E se as câmeras parassem de dizer a verdade?
Nova tecnologia para bloquear a fotografia em shows aponta para um futuro alarmante para smartphones.

Um fã grava uma performance de The Weeknd no 2015 Billboard Hot 100 Music Festival.(Scott Roth / Invision / AP)
Mesmo na era do Photoshop, fotos e vídeos podem ganhar a confiança do público de uma forma que uma história ou uma testemunha ocular não pode. Mais de 500 pessoas foram baleadas e mortas pela polícia até agora este ano, mas foram aquelas cujos encontros finais com a polícia foram preso na fita —E ocasionalmente seus fotógrafos - que passa a ocupar as manchetes nacionais. Como meu colega Rob aponta , para os americanos cujas experiências com a polícia são geralmente caracterizadas por respeito e civilidade, há algo fundamentalmente perturbador em ver, com seus próprios olhos, um oficial cometer um ato extraordinário de violência.

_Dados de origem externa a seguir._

datatype ('p, 'ag) fml =
    Prim 'p
  | Neg "('p, 'ag) fml"
  | Conj "('p, 'ag) fml" "('p, 'ag) fml"
  | Imp "('p, 'ag) fml" "('p, 'ag) fml"
  | Kn 'ag "('p, 'ag) fml"
  | Xa 'ag "('p, 'ag) fml"
  | PrGe "('p, 'ag) fml" real

fun noX :: "('p, 'ag) fml \<Rightarrow> bool" where
  "noX (Prim p) = True"
| "noX (Neg f) = noX f"
| "noX (Conj f g) = (noX f \<and> noX g)"
| "noX (Imp f g) = (noX f \<and> noX g)"
| "noX (Kn i f) = noX f"
| "noX (Xa i f) = False"
| "noX (PrGe f a) = noX f"

text \<open>States are the elements of
  type 's, local states of type 'l, a derandomizer is a function 'ag => 'c assigning
  to every agent its sequence of coin tosses (of type 'c); V is the set of all of them.
  The algorithm field is the derandomized algorithm A^d_i(phi, l, s, v_i).\<close>
record ('s, 'p, 'ag, 'l, 'c) pak =
  truth :: "'s \<Rightarrow> 'p \<Rightarrow> bool"
  loc :: "'ag \<Rightarrow> 's \<Rightarrow> 'l"
  alg :: "'ag \<Rightarrow> ('p, 'ag) fml \<Rightarrow> 'l \<Rightarrow> 's \<Rightarrow> 'c \<Rightarrow> answer"
  nu :: "('ag \<Rightarrow> 'c) measure"

definition answer_set ::
  "('s, 'p, 'ag, 'l, 'c) pak \<Rightarrow> 'ag \<Rightarrow> ('p, 'ag) fml \<Rightarrow> 's \<Rightarrow> answer \<Rightarrow> ('ag \<Rightarrow> 'c) set" where
  "answer_set N i f s a = {v. alg N i f (loc N i s) s (v i) = a}"

definition wf_pak :: "('s, 'p, 'ag, 'l, 'c) pak \<Rightarrow> bool" where
  "wf_pak N \<longleftrightarrow> prob_space (nu N) \<and> space (nu N) = UNIV \<and>
     (\<forall>i f s a. answer_set N i f s a \<in> sets (nu N) \<and>
        (answer_set N i f s a \<noteq> {} \<longleftrightarrow> measure (nu N) (answer_set N i f s a) > 0))"
(* Let $X,Y$ be metric spaces, $X\times Y$ with the maximum metric, $E\subseteq X\times Y$, and let $A\subseteq X$ be a set such that $E_x=\{y\in Y:(x,y)\in E\}\ne\emptyset$ for all $x\in A$. Then (i) $\dim_{\mathrm P}E\ge\dim_{\mathrm P}A+\inf_{x\in A}\vec{\dim}_{\mathrm P}E_x$; (ii) $\underline{\dim}_{\mathrm P}E\ge\underline{\dim}_{\mathrm P}A+\inf_{x\in A}\underline{\dim}_{\mathrm P}E_x$; (iii) $\vec{\dim}_{\mathrm P}E\ge\vec{\dim}_{\mathrm P}A+\inf_{x\in A}\vec{\dim}_{\mathrm P}E_x$.
   Context: For a subset $E$ of a metric space, $N_\delta(E)$ is the minimal cardinality of a cover of $E$ by sets of diameter at most $\delta$. $\underline{\dim}_{\mathrm B}E=\liminf_{\delta\to0}\frac{\log N_\delta(E)}{|\log\delta|}$, $\overline{\dim}_{\mathrm B}E=\limsup_{\delta\to0}\frac{\log N_\delta(E)}{|\log\delta|}$. $\dim_{\mathrm P}E=\inf\{\sup_n\overline{\dim}_{\mathrm B}E_n:E\subseteq\bigcup_nE_n\}$, $\underline{\dim}_{\mathrm P}E=\inf\{\sup_n\underline{\dim}_{\mathrm B}E_n:E\subseteq\bigcup_nE_n\}$ (countable covers), and $\vec{\dim}_{\mathrm P}E=\inf\{\sup_n\underline{\dim}_{\mathrm B}E_n:E_n\uparrow E\}$, where $E_n\uparrow E$ means $(E_n)$ is an increasing sequence of sets with union $E$. *)

theory Defs
  imports "HOL-Analysis.Analysis" "HOL-Library.Liminf_Limsup"
begin

text \<open>All notions are taken relative to an explicit distance function d, so that the
  product X \<times> Y can carry the maximum metric.\<close>

definition ddiam :: "('a \<Rightarrow> 'a \<Rightarrow> real) \<Rightarrow> 'a set \<Rightarrow> ereal" where
  "ddiam d S = Sup {ereal (d x y) | x y. x \<in> S \<and> y \<in> S}"

definition cover_num :: "('a \<Rightarrow> 'a \<Rightarrow> real) \<Rightarrow> real \<Rightarrow> 'a set \<Rightarrow> ereal" where
  "cover_num d \<delta> E = Inf {ereal (real (card C)) | C. finite C \<and> E \<subseteq> \<Union>C \<and>
                                (\<forall>S\<in>C. ddiam d S \<le> ereal \<delta>)}"
text \<open>The eaco condition for \<open>pr2 : Y = X \<times> \<Gamma> \<rightarrow> \<Gamma>\<close> and \<open>bt \<Gamma>\<close>: its left-hand side is
  \<open>pr2\<^sup>*\<close> of \<open>\<Sigma>(graph (cc \<Gamma> (bt \<Gamma>)))\<close>, which is \<open>truth\<close> since \<open>cc \<Gamma> (bt \<Gamma>)\<close> is split
  (\<open>\<Gamma>\<close> itself satisfies \<open>id\<^sup>* (bt \<Gamma>) = bt \<Gamma>\<close>), while its right-hand side is \<open>\<langle>cc Y \<gamma> \<circ> e, id\<rangle>\<^sup>* dl\<close>.\<close>

lemma cc_choice_internally_id:
  fixes X \<Gamma> :: 'o
  defines "Y \<equiv> prd D X \<Gamma>" and "\<gamma> \<equiv> rei D (pr2 D X \<Gamma>) (bt \<Gamma>)"
  assumes X: "X \<in> Ob D" and \<Gamma>: "\<Gamma> \<in> Ob D" and n\<Gamma>: "\<not> maps_to_initial \<Gamma>"
    and ns2: "\<not> stable_initial D (co Y \<gamma>)"
  shows "le D Y (truth Y)
    (rei D (tup D (cmp D (cc Y \<gamma>) (e2 (co Y \<gamma>) Y (graph D dl (cc Y \<gamma>)))) (idm D Y)) (dl Y))"
proof -
  define c1 where "c1 = cc \<Gamma> (bt \<Gamma>)"
  define O1 where "O1 = co \<Gamma> (bt \<Gamma>)"
  define M where "M = Sg2 O1 \<Gamma> (graph D dl c1)"
  have Y: "Y \<in> Ob D" unfolding Y_def using X \<Gamma> by (rule prd_Ob)
  have q: "pr2 D X \<Gamma> \<in> hom D Y \<Gamma>" unfolding Y_def using X \<Gamma> by (rule pr2_hom)
  have i\<Gamma>: "idm D \<Gamma> \<in> hom D \<Gamma> \<Gamma>" using id_hom[OF \<Gamma>] .
  have bot\<Gamma>: "bt \<Gamma> \<in> Pc D \<Gamma>" using bot_Pc[OF \<Gamma>] .
  have \<gamma>: "\<gamma> \<in> Pc D Y" unfolding \<gamma>_def using rei_Pc[OF q bot\<Gamma>] .
  have c1: "c1 \<in> hom D O1 \<Gamma>" unfolding c1_def O1_def using cc_hom[OF \<Gamma> bot\<Gamma>] .
  have c2: "cc Y \<gamma> \<in> hom D (co Y \<gamma>) Y" using cc_hom[OF Y \<gamma>] .
  note O1 = hom_dom_Ob[OF c1]
  obtain g1 where g1: "g1 \<in> hom D \<Gamma> O1" "cmp D c1 g1 = idm D \<Gamma>"
    using cc_factor[OF \<Gamma> bot\<Gamma> i\<Gamma> rei_id[OF \<Gamma> bot\<Gamma>]] unfolding c1_def O1_def .
  have ns1: "\<not> stable_initial D O1"
    unfolding O1_def using not_stable_initial_co[OF i\<Gamma> bot\<Gamma> rei_id[OF \<Gamma> bot\<Gamma>] n\<Gamma>] .
  note \<Sigma> = choice_at(4)[OF O1 ns1 \<Gamma>]
  have M: "M \<in> Pc D \<Gamma>" unfolding M_def using la_Pc[OF \<Sigma> pr2_hom[OF O1 \<Gamma>] graph_Pc[OF c1]] .
  have "le D \<Gamma> (truth \<Gamma>) M" unfolding M_def using truth_le_la_graph[OF \<Sigma> c1 g1] .
  from rei_mono[OF q truth_Pc[OF \<Gamma>] M this]
  have "le D Y (truth Y) (rei D (pr2 D X \<Gamma>) M)"
    using le_trans[OF Y truth_Pc[OF Y] rei_Pc[OF q truth_Pc[OF \<Gamma>]] rei_Pc[OF q M]]
      le_rei_pr2_truth[OF X \<Gamma> truth_Pc[OF Y, unfolded Y_def]] unfolding Y_def by blast
  moreover have "rei D (pr2 D X \<Gamma>) M
      = rei D (tup D (cmp D (cc Y \<gamma>) (e2 (co Y \<gamma>) Y (graph D dl (cc Y \<gamma>)))) (idm D Y)) (dl Y)"
    using eaco_condition[OF q bot\<Gamma>, folded \<gamma>_def c1_def O1_def, OF ns1 ns2]
      choice_at(6)[OF O1 ns1 \<Gamma> graph_Pc[OF c1]]
      rei_tup_graph[OF c2 choice_at(5)[OF hom_dom_Ob[OF c2] ns2 Y graph_Pc[OF c2]] id_hom[OF Y]]
    unfolding M_def by simp
  ultimately show ?thesis by simp
qed
definition decay_exponent :: "'a::euclidean_space itself \<Rightarrow> real \<Rightarrow> real" where
  "decay_exponent (_::'a itself) c = min 1 (unit_ball_vol (real DIM('a)) * c / 8)"

lemma decay_exponent_bounds:
  assumes "0 < c"
  shows "0 < decay_exponent TYPE('a::euclidean_space) c" "decay_exponent TYPE('a) c \<le> 1"
  using assms by (simp_all add: decay_exponent_def)

lemma second_moment_decay_step:
  assumes L: "levy_profile TYPE('a::euclidean_space) nu" and C: "cond_i TYPE('a) nu T c"
    and c: "0 < c" and \<mu>: "1/2 \<le> \<mu>" "\<mu> \<le> 1" and r: "0 < r" "ereal r < T"
  shows "second_moment TYPE('a) nu (\<mu> * r)
     \<le> \<mu> powr decay_exponent TYPE('a) c * second_moment TYPE('a) nu r"
proof -
  define V where "V = unit_ball_vol (real DIM('a))"
  define d where "d = DIM('a)"
  let ?M = "second_moment TYPE('a) nu" and ?\<nu> = "enn2real (nu r)"
  have "1 \<le> d" "0 < V" unfolding d_def V_def by (simp_all add: DIM_positive Suc_le_eq)
  have "\<mu> ^ d \<le> 1" using \<mu> by (simp add: power_le_one)
  \<comment> \<open>By (i), the annulus \<mu>r < |x| < r carries at least the fraction V c \<mu>^2 (1 - \<mu>^d) of M(r).\<close>
  have "c * ?M r \<le> r ^ (d + 2) * ?\<nu>"
    using cond_i_iff_second_moment[OF L, of c T] C c r unfolding d_def by auto
  then have "(V * \<mu>^2 * (1 - \<mu>^d)) * (c * ?M r) \<le> (V * \<mu>^2 * (1 - \<mu>^d)) * (r ^ (d + 2) * ?\<nu>)"
    using \<open>0 < V\<close> \<open>\<mu> ^ d \<le> 1\<close> by (intro mult_left_mono) auto
  then have "V * c * \<mu>^2 * (1 - \<mu>^d) * ?M r \<le> V * \<mu>^2 * (1 - \<mu>^d) * (r ^ (d + 2) * ?\<nu>)"
    by (simp add: mult_ac)
  also have "\<dots> = (\<mu> * r)^2 * V * (r ^ d - (\<mu> * r) ^ d) * ?\<nu>"
    by (simp add: power_mult_distrib power_add power2_eq_square algebra_simps)
  also have "\<dots> \<le> ?M r - ?M (\<mu> * r)"
    using second_moment_diff_ge[OF L, of "\<mu> * r" r] \<mu> r
    unfolding V_def d_def by (simp add: mult_le_cancel_right1)
  finally have "?M (\<mu> * r) \<le> (1 - V * c * \<mu>^2 * (1 - \<mu>^d)) * ?M r"
    by (simp add: algebra_simps)
  also have "\<dots> \<le> \<mu> powr decay_exponent TYPE('a) c * ?M r"
    using one_minus_mult_le_powr[of "V * c" \<mu> d] \<open>1 \<le> d\<close> \<open>0 < V\<close> c \<mu>
    unfolding decay_exponent_def V_def
    by (intro mult_right_mono) (simp_all add: second_moment_nonneg)
  finally show ?thesis .
qed

lemma second_moment_decay:
  assumes L: "levy_profile TYPE('a::euclidean_space) nu" and C: "cond_i TYPE('a) nu T c"
    and c: "0 < c" and l: "0 < l" "l \<le> 1" and r: "0 < r" "ereal r < T"
  shows "second_moment TYPE('a) nu (l * r)
     \<le> l powr decay_exponent TYPE('a) c * second_moment TYPE('a) nu r"
proof -
  let ?M = "second_moment TYPE('a) nu" and ?\<alpha> = "decay_exponent TYPE('a) c"
  have "?M (l * r) \<le> l powr ?\<alpha> * ?M r"
    if "(1/2)^k \<le> l" "l \<le> 1" "0 < r" "ereal r < T" for k l r
    using that
  proof (induction k arbitrary: l r)
    case 0
    then show ?case using second_moment_decay_step[OF L C c] by simp
  next
    case (Suc k)
    show ?case
    proof (cases "1/2 \<le> l")
      case True
      then show ?thesis using second_moment_decay_step[OF L C c] Suc.prems by simp
    next
      case False
      have "0 < l" using Suc.prems(1) by (rule less_le_trans[rotated]) simp
      have "?M (l * r) = ?M ((2 * l) * (r / 2))" by simp
      also have "\<dots> \<le> (2 * l) powr ?\<alpha> * ?M (r / 2)"
        using Suc.IH[of "2 * l" "r / 2"] Suc.prems False
        by (simp add: le_less_trans[of "ereal (r/2)" "ereal r"])
      also have "\<dots> \<le> (2 * l) powr ?\<alpha> * ((1/2) powr ?\<alpha> * ?M r)"
        using second_moment_decay_step[OF L C c, of "1/2" r] Suc.prems
        by (intro mult_left_mono) simp_all
      also have "\<dots> = l powr ?\<alpha> * ?M r"
        using \<open>0 < l\<close> by (simp add: powr_mult[symmetric])
      finally show ?thesis .
    qed
  qed
  moreover obtain k where "(1/2::real)^k < l"
    using real_arch_pow_inv[of l "1/2"] l by auto
  ultimately show ?thesis using l r by (meson less_imp_le)
qed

Smartphones baratos com câmeras trouxeram evidências documentais para praticamente qualquer pessoa, e a credibilidade do vídeo filmado pelo telefone se manteve no tribunal e nos noticiários. Mas uma patente concedida à Apple no mês passado indica um futuro em que sinais invisíveis podem alterar as imagens que as câmeras dos smartphones capturam - ou mesmo desativar totalmente as câmeras dos smartphones.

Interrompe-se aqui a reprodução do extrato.